READ ALSO: Is Spain proving facts rather than force can convince the unvaccinated?

“I can understand that countries with low vaccine coverage are contemplating this and that Von der Leyen is considering opening up a debate, but in our country the situation is absolutely different,” Darias said at the press conference following her meeting with Spain’s Interterritorial Health Council.

According to the national health minister,  this was also “the general belief” of regional health leaders of each of Spain’s 17 autonomous communities she had just been in discussion with over Christmas Covid measures. 

READ MORE: Spain rules out new restrictions against Omicron variant

Almost 80 percent of Spain’s total population is fully vaccinated against Covid-19, a figure which is around 10 percent higher if looking at those who are eligible for the vaccine (over 12s). 

It has the highest vaccination rate among Europe’s most populous countries.

Germany announced tough new restrictions on Thursday in a bid to contain its fourth wave of Covid-19 aimed largely at the country’s unvaccinated people, with outgoing Chancellor Angela Merkel speaking in favour of compulsory vaccinations, which the German parliament is due to vote on soon.

Austria has also already said it will make Covid-19 vaccines compulsory next February, Belgium is also considering it and Greece on Tuesday said it will make vaccination obligatory for those over 60.

But for Spain, strict Covid-19 vaccination rules have never been on the table, having said from the start that getting the Covid-19 jabs was voluntary. 

There’s also a huge legal implication to imposing such a rule which Spanish courts are unlikely to look on favourably. 

Stricter Covid restrictions and the country’s two states of alarm, the first resulting in a full national lockdown from March to May 2020, have both been deemed unconstitutional by Spain’s Constitutional Court. 

READ ALSO: Could Spain lock down its unvaccinated or make Covid vaccines compulsory?

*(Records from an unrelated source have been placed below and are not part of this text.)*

text \<open>With \<open>G = X\<^sup>* X\<close> and \<open>\<Pi> = X G\<^sup>-\<^sup>1 X\<^sup>*\<close> the orthogonal projection onto the column
  space of \<open>X\<close>, the left-hand side is \<open>\<parallel>\<Pi> y'\<parallel>\<^sup>2\<close> for the conjugate \<open>y'\<close> of \<open>y\<close>, and
  \<open>\<parallel>y' - \<Pi> y'\<parallel>\<^sup>2 = \<parallel>y\<parallel>\<^sup>2 - \<parallel>\<Pi> y'\<parallel>\<^sup>2\<close>.\<close>
lemma gram_projection_le:
  assumes X: "X \<in> carrier_mat n k" and Ginv: "Ginv \<in> carrier_mat k k"
    and inverse: "adjoint_mat X * X * Ginv = 1\<^sub>m k"
  shows "Re (\<Sum>i<k. (\<Sum>p<n. y p * X $$ (p, i)) *
      (\<Sum>l<k. Ginv $$ (i, l) * cnj (\<Sum>p<n. y p * X $$ (p, l)))) \<le> (\<Sum>p<n. (cmod (y p))\<^sup>2)"
proof -
  define d where "d l = (\<Sum>p<n. y p * X $$ (p, l))" for l
  define c where "c = vec k (\<lambda>l. cnj (d l))"
  define z where "z = Ginv *\<^sub>v c"
  define a where "a = X *\<^sub>v z"
  define q where "q = (\<Sum>i<k. d i * z $ i)"
  define N where "N = (\<Sum>j<n. (cmod (a $ j))\<^sup>2)"
  define W where "W = (\<Sum>p<n. (cmod (y p))\<^sup>2)"
  have c: "c \<in> carrier_vec k" and z: "z \<in> carrier_vec k"
    using Ginv by (auto simp: c_def z_def)
  have lhs: "(\<Sum>i<k. d i * (\<Sum>l<k. Ginv $$ (i, l) * cnj (d l))) = q"
    using Ginv by (auto simp: q_def z_def c_def scalar_prod_def atLeast0LessThan intro!: sum.cong)
  have "(adjoint_mat X * X) *\<^sub>v z = c"
    using assoc_mult_mat_vec[of "adjoint_mat X * X" k k Ginv k c] X Ginv c inverse by (simp add: z_def)
  then have "cnj q = (\<Sum>i<k. cnj (z $ i) * ((adjoint_mat X * X) *\<^sub>v z) $ i)"
    by (auto simp: q_def c_def cnj_sum mult.commute intro!: sum.cong)
  also have "\<dots> = of_real N"
    using quadratic_form_weighted_gram[OF X z, of "\<lambda>_. 1"] by (simp add: N_def a_def)
  finally have qN: "q = of_real N"
    by (metis complex_cnj_cnj complex_cnj_complex_of_real)
  have "q = (\<Sum>i<k. \<Sum>p<n. y p * X $$ (p, i) * z $ i)"
    by (simp add: q_def d_def sum_distrib_right)
  also have "\<dots> = (\<Sum>p<n. y p * a $ p)"
    using X z by (subst sum.swap) (auto simp: a_def scalar_prod_def atLeast0LessThan sum_distrib_left
      ac_simps intro!: sum.cong)
  finally have qa: "q = (\<Sum>p<n. y p * a $ p)" .
  have "of_real (\<Sum>p<n. (cmod (cnj (y p) - a $ p))\<^sup>2) =
      (\<Sum>p<n. cnj (y p) * y p - y p * a $ p - cnj (y p * a $ p) + cnj (a $ p) * a $ p)"
    unfolding of_real_sum cnj_mult_self[symmetric] by (intro sum.cong) (auto simp: algebra_simps)
  also have "\<dots> = of_real W - q - cnj q + of_real N"
    unfolding W_def N_def qa of_real_sum cnj_mult_self cnj_sum sum.distrib sum_subtractf ..
  also have "\<dots> = of_real (W - N)"
    unfolding qN by simp
  finally have "W - N = (\<Sum>p<n. (cmod (cnj (y p) - a $ p))\<^sup>2)"
    by (metis of_real_eq_iff)
  then have "N \<le> W" by (smt (verit) sum_nonneg zero_le_power2)
  then show ?thesis using lhs qN by (simp add: d_def W_def)
qed

lemma trace_weighted_gram_le:
  assumes A: "A \<in> carrier_mat n n" and X: "X \<in> carrier_mat n k" and Ginv: "Ginv \<in> carrier_mat k k"
    and inverse: "adjoint_mat X * X * Ginv = 1\<^sub>m k"
    and u: "\<And>j. 0 \<le> u j" and u_row: "\<And>j. j < n \<Longrightarrow> u j * (vec_norm2 (row A j))\<^sup>2 \<le> 1"
  shows "Re (mat_trace (Ginv * (weighted_adjoint (A * X) u * (A * X)))) \<le> real n"
proof -
  define D where "D = A * X"
  have D: "D \<in> carrier_mat n k" using A X by (simp add: D_def)
  have D_entry: "D $$ (j, i) = (\<Sum>p<n. A $$ (j, p) * X $$ (p, i))" if "j < n" "i < k" for j i
    using that A X by (auto simp: D_def scalar_prod_def atLeast0LessThan intro!: sum.cong)
  define q where "q j = (\<Sum>i<k. D $$ (j, i) * (\<Sum>l<k. Ginv $$ (i, l) * cnj (D $$ (j, l))))" for j
  have "mat_trace (Ginv * (weighted_adjoint D u * D)) =
      (\<Sum>i<k. \<Sum>l<k. Ginv $$ (i, l) * (\<Sum>j<n. cnj (D $$ (j, l)) * of_real (u j) * D $$ (j, i)))"
    using Ginv D by (auto simp: mat_trace_def weighted_adjoint_def scalar_prod_def atLeast0LessThan
      intro!: sum.cong)
  also have "\<dots> = (\<Sum>i<k. \<Sum>j<n. \<Sum>l<k. of_real (u j) * (D $$ (j, i) * (Ginv $$ (i, l) * cnj (D $$ (j, l)))))"
    by (simp add: sum_distrib_left ac_simps) (rule sum.cong[OF refl], rule sum.swap)
  also have "\<dots> = (\<Sum>j<n. of_real (u j) * q j)"
    by (subst sum.swap) (simp add: q_def sum_distrib_left)
  finally have trace: "mat_trace (Ginv * (weighted_adjoint D u * D)) = (\<Sum>j<n. of_real (u j) * q j)" .
  have "Re (of_real (u j) * q j) \<le> 1" if j: "j < n" for j
  proof -
    have "Re (q j) \<le> (\<Sum>p<n. (cmod (A $$ (j, p)))\<^sup>2)"
      using gram_projection_le[OF X Ginv inverse, of "\<lambda>p. A $$ (j, p)"] j
      by (simp add: q_def D_entry)
    also have "\<dots> = (vec_norm2 (row A j))\<^sup>2"
      using A j by (simp add: vec_norm2_sq)
    finally have "u j * Re (q j) \<le> u j * (vec_norm2 (row A j))\<^sup>2"
      using u by (rule mult_left_mono)
    then show ?thesis using u_row[OF j] by simp
  qed
  then have "Re (\<Sum>j<n. of_real (u j) * q j) \<le> (\<Sum>j<n. 1)"
    unfolding Re_sum by (intro sum_mono) auto
  then show ?thesis using trace by (simp add: D_def)
qed

lemma det_gram_pos:
  assumes X: "X \<in> carrier_mat n k"
    and inj: "\<And>v. v \<in> carrier_vec k \<Longrightarrow> X *\<^sub>v v = 0\<^sub>v n \<Longrightarrow> v = 0\<^sub>v k"
  obtains g where "0 < g" and "det (adjoint_mat X * X) = of_real g"
proof
  let ?g = "weighted_minor_sum X n k (\<lambda>_. 1) / fact k"
  show det: "det (adjoint_mat X * X) = of_real ?g"
    by (rule det_weighted_gram[OF X])
  have "det (adjoint_mat X * X) \<noteq> 0"
  proof
    assume "det (adjoint_mat X * X) = 0"
    then obtain v where v: "v \<in> carrier_vec k" "v \<noteq> 0\<^sub>v k" and "(adjoint_mat X * X) *\<^sub>v v = 0\<^sub>v k"
      using det_0_iff_vec_prod_zero[of "adjoint_mat X * X" k] X by auto
    then have "(\<Sum>i<k. cnj (v $ i) * ((adjoint_mat X * X) *\<^sub>v v) $ i) = 0"
      by simp
    then have "(\<Sum>j<n. (cmod ((X *\<^sub>v v) $ j))\<^sup>2) = 0"
      unfolding quadratic_form_weighted_gram[OF X v(1)] of_real_eq_0_iff by simp
    then show False using sum_cmod_sq_mult_vec_pos[OF X inj v] by simp
  qed
  then show "0 < ?g"
    using det weighted_minor_sum_nonneg[of "\<lambda>_. 1" X n k] by simp
qed

lemma eigenvalue_gram_inverse_mult_nonneg:
  assumes X: "X \<in> carrier_mat n k" and D: "D \<in> carrier_mat m k"
    and inj: "\<And>v. v \<in> carrier_vec k \<Longrightarrow> X *\<^sub>v v = 0\<^sub>v n \<Longrightarrow> v = 0\<^sub>v k"
    and u: "\<And>j. 0 \<le> u j"
    and Ginv: "Ginv \<in> carrier_mat k k" and inverse: "adjoint_mat X * X * Ginv = 1\<^sub>m k"
    and "eigenvalue (Ginv * (weighted_adjoint D u * D)) e"
  shows "Im e = 0 \<and> 0 \<le> Re e"
proof -
  define G where "G = adjoint_mat X * X"
  define W where "W = weighted_adjoint D u * D"
  have G: "G \<in> carrier_mat k k" and W: "W \<in> carrier_mat k k"
    using X D by (auto simp: G_def W_def)
  obtain v where v: "v \<in> carrier_vec k" "v \<noteq> 0\<^sub>v k" and eigen: "(Ginv * W) *\<^sub>v v = e \<cdot>\<^sub>v v"
    using assms(7) Ginv W unfolding eigenvalue_def eigenvector_def W_def by auto
  have "G * (Ginv * W) = W"
    using assoc_mult_mat[OF G Ginv W] inverse W by (simp add: G_def)
  then have "W *\<^sub>v v = G *\<^sub>v ((Ginv * W) *\<^sub>v v)"
    using assoc_mult_mat_vec[OF G _ v(1), of "Ginv * W"] Ginv W by simp
  also have "\<dots> = e \<cdot>\<^sub>v (G *\<^sub>v v)"
    unfolding eigen by (rule mult_mat_vec[OF G v(1)])
  finally have Wv: "W *\<^sub>v v = e \<cdot>\<^sub>v (G *\<^sub>v v)" .
  define a where "a = (\<Sum>j<m. u j * (cmod ((D *\<^sub>v v) $ j))\<^sup>2)"
  define b where "b = (\<Sum>j<n. (cmod ((X *\<^sub>v v) $ j))\<^sup>2)"
  have "0 \<le> a" using u by (auto simp: a_def intro: sum_nonneg)
  have "0 < b" unfolding b_def by (rule sum_cmod_sq_mult_vec_pos[OF X inj v])
  have "of_real a = (\<Sum>i<k. cnj (v $ i) * (W *\<^sub>v v) $ i)"
    using quadratic_form_weighted_gram[OF D v(1)] by (simp add: a_def W_def)
  also have "\<dots> = e * (\<Sum>i<k. cnj (v $ i) * (G *\<^sub>v v) $ i)"
    using Wv G v by (auto simp: sum_distrib_left intro!: sum.cong)
  also have "\<dots> = e * of_real b"
    using quadratic_form_weighted_gram[OF X v(1), of "\<lambda>_. 1"] by (simp add: b_def G_def)
  finally have "e = of_real (a / b)"
    using \<open>0 < b\<close> by (simp add: field_simps)
  then show ?thesis using \<open>0 \<le> a\<close> \<open>0 < b\<close> by simp
qed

The Covid-19 health pass to access indoor public spaces was also until recently consistently rejected by regional high courts for breaching fundamental rights, although judges have changed their stance favouring this Covid certificate over old Covid-19 restrictions that affect the whole population.

MAP: Which regions in Spain now require a Covid health pass for daily affairs?

“In Spain what we have to do is to continue vaccinating as we have done until now” Darias added. 

“Spaniards understand that vaccines are not only a right, they are an obligation because we protect others with them”.

What Spanish health authorities are still considering is whether to vaccinate their 5 to 11 year olds after the go-ahead from the European Medicines Agency, with regions such as Madrid claiming they will start vaccinating their young children in December despite there being no official confirmation from Spain’s Vaccine Committee yet.

READ MORE: Will Spain soon vaccinate its children under 12?

Spain’s infection rate continues to rise day by day, jumping 17 points up to 234 cases per 100,000 people on Thursday. There are now also five confirmed cases of the Omicron variant in the country, one through community transmission.

Hospital bed occupancy with Covid patients has also risen slightly nationwide to 3.3 percent, as has ICU Covid occupancy which now stands at 8.4 percent, but the Spanish government insists these figures are “almost three times lower” than during previous waves of the coronavirus pandemic.